A Song from Across the Sea
Nina Mangalanayagam with Marie Dilmaya Bergqvist and The Whale choir
United by their own diasporic backgrounds and a shared focus on displacement, Mangalanayagam and Bergqvist collaborate with The Whale, a transnational choir of Swedish adoptees, whose name traces back to a blue whale calf killed and taxidermied during Sweden's whaling era. Led by conductor David Juan Andersson, the choir draws on its members’ diverse personal experiences, treating sound as a vessel for connection across histories and geographies.

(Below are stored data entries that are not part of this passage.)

lemma det_mono_quad_form:
  assumes "A \<in> carrier_mat n n" "B \<in> carrier_mat n n"
    and "\<And>i j. i < n \<Longrightarrow> j < n \<Longrightarrow> A $$ (i,j) = A $$ (j,i)"
    and "\<And>i j. i < n \<Longrightarrow> j < n \<Longrightarrow> B $$ (i,j) = B $$ (j,i)"
    and "\<And>c. (\<exists>i<n. c i \<noteq> 0) \<Longrightarrow> 0 < quad_form n A c"
    and "\<And>c. quad_form n A c \<le> quad_form n B c"
  shows "0 < det A \<and> det A \<le> det B"
  using assms
proof (induction n arbitrary: A B)
  case 0
  then show ?case by simp
next
  case (Suc n)
  define a where "a = A $$ (n,n)"
  define b where "b = B $$ (n,n)"
  let ?e = "\<lambda>i. if i = n then 1 else 0 :: real"
  have "quad_form (Suc n) A ?e = a" "quad_form (Suc n) B ?e = b"
    unfolding quad_form_def a_def b_def by (simp_all add: if_distrib[of "\<lambda>x. x * _"] cong: if_cong)
  then have a: "0 < a" and ab: "a \<le> b"
    using Suc.prems(5)[of ?e] Suc.prems(6)[of ?e] by auto
  then have b: "0 < b" by simp
  note square_A = quad_form_schur_complement[of n A, OF Suc.prems(3), folded a_def]
  note square_B = quad_form_schur_complement[of n B, OF Suc.prems(4), folded b_def]
  have IH: "0 < det (schur_complement n A) \<and> det (schur_complement n A) \<le> det (schur_complement n B)"
  proof (rule Suc.IH[OF schur_complement_carrier schur_complement_carrier])
    fix i j assume "i < n" "j < n"
    then show "schur_complement n A $$ (i,j) = schur_complement n A $$ (j,i)"
      "schur_complement n B $$ (i,j) = schur_complement n B $$ (j,i)"
      using Suc.prems(3,4) by (auto simp: schur_complement_def)
  next
    fix c :: "nat \<Rightarrow> real" assume "\<exists>i<n. c i \<noteq> 0"
    then have "\<exists>i<Suc n. (c(n := - (\<Sum>i<n. c i * A $$ (i,n)) / a)) i \<noteq> 0" by auto
    from Suc.prems(5)[OF this] square_A[of c "- (\<Sum>i<n. c i * A $$ (i,n)) / a"] a
    show "0 < quad_form n (schur_complement n A) c" by (simp add: fun_upd_def)
  next
    fix c :: "nat \<Rightarrow> real"
    define t where "t = - (\<Sum>i<n. c i * B $$ (i,n)) / b"
    have "quad_form n (schur_complement n A) c \<le> quad_form (Suc n) A (c(n:=t))"
      using square_A[of c t] a by simp
    also have "\<dots> \<le> quad_form (Suc n) B (c(n:=t))" by (rule Suc.prems(6))
    also have "\<dots> = quad_form n (schur_complement n B) c" using square_B[of c t] b by (simp add: t_def)
    finally show "quad_form n (schur_complement n A) c \<le> quad_form n (schur_complement n B) c" .
  qed
  have "det A = a * det (schur_complement n A)" "det B = b * det (schur_complement n B)"
    using det_schur_complement[OF Suc.prems(1)] det_schur_complement[OF Suc.prems(2)] a b
    by (simp_all add: a_def b_def)
  then show ?case using IH a ab by (auto intro: mult_mono)
qed

lemma quad_form_one_plus_gram:
  "quad_form n (mat n n (\<lambda>(i,j). (if i = j then 1 else 0) + K i j / lam)) c
     = (\<Sum>i<n. c i * c i) + (\<Sum>i<n. \<Sum>j<n. c i * c j * K i j) / lam"
proof -
  have "quad_form n (mat n n (\<lambda>(i,j). (if i = j then 1 else 0) + K i j / lam)) c
      = (\<Sum>i<n. \<Sum>j<n. (if i = j then c i * c j else 0) + c i * c j * K i j / lam)"
    unfolding quad_form_def by (intro sum.cong refl) (auto simp: algebra_simps)
  also have "\<dots> = (\<Sum>i<n. c i * c i) + (\<Sum>i<n. \<Sum>j<n. c i * c j * K i j) / lam"
    by (simp add: sum.distrib sum_divide_distrib)
  finally show ?thesis .
qed

lemma info_gain_reindex:
  assumes "inj_on g R" "finite R"
  shows "info_gain k lam (g ` R) = info_gain (\<lambda>a b. k (g a) (g b)) lam R"
proof -
  have "bij_betw g R (g ` R)" using assms(1) by (rule inj_on_imp_bij_betw)
  then have "set_det (g ` R) (\<lambda>x y. (if x = y then 1 else 0) + k x y / lam)
      = set_det R (\<lambda>a b. (if g a = g b then 1 else 0) + k (g a) (g b) / lam)"
    using assms(2) by (rule set_det_reindex)
  also have "\<dots> = set_det R (\<lambda>a b. (if a = b then 1 else 0) + k (g a) (g b) / lam)"
    using assms(1) by (intro set_det_cong) (auto dest: inj_onD)
  finally show ?thesis unfolding info_gain_def by simp
qed

lemma set_det_one_plus_gram_eq_det:
  assumes h: "bij_betw h {0..<n} R"
  shows "set_det R (\<lambda>a b. (if a = b then 1 else 0) + M a b / lam)
    = det (mat n n (\<lambda>(i,j). (if i = j then 1 else 0) + M (h i) (h j) / lam))"
proof -
  have "h i = h j \<longleftrightarrow> i = j" if "i < n" "j < n" for i j
    using h that by (auto simp: bij_betw_def inj_on_def)
  then show ?thesis
    unfolding det_mat_eq_set_det set_det_reindex[OF h finite_atLeastLessThan]
    by (intro set_det_cong) simp
qed

lemma quad_form_reindex:
  fixes c :: "nat \<Rightarrow> real" and M :: "'a \<Rightarrow> 'a \<Rightarrow> real"
  assumes h: "bij_betw h {0..<n} R"
  shows "(\<Sum>i<n. \<Sum>j<n. c i * c j * M (h i) (h j))
    = (\<Sum>a\<in>R. \<Sum>b\<in>R. c (inv_into {0..<n} h a) * c (inv_into {0..<n} h b) * M a b)"
proof -
  have "c (inv_into {0..<n} h (h i)) = c i" if "i < n" for i
    using h that by (simp add: bij_betw_def)
  then show ?thesis
    unfolding sum.reindex_bij_betw[OF h, symmetric] by (simp add: atLeast0LessThan)
qed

At the core of the work is a sound installation capturing the choir’s collective humming of an 18th-century musical score. Drawn from the research of Swedish historian Fredrik Thomasson, the score relates to Sweden’s colonial presence in Saint Barthélemy—a largely overlooked chapter of Swedish history. Each speaker in the installation transmits the isolated hum of a choir member; through a call-and-response of remembrance, the work explores themes of belonging and the unseen wounds of adoption, while reflecting on colonial legacies through an intuitive conversation born of collective memory.
Co-commissioned by Colomboscope 2026 and Aranya Art Center, and supported by the Swedish Research Council (Vetenskapsrådet). The work has been exhibited in different iterations.
Colomboscope 2026: HD video and 4-channel audio work 17:31 min
Video Editor: Rasmus Ohlander
Sound Design: Mappe Persson
Colorist: Tommy Spaanheden
Single-channel video with stereo sound 2:08 min
Audio installation of multiple speakers (12)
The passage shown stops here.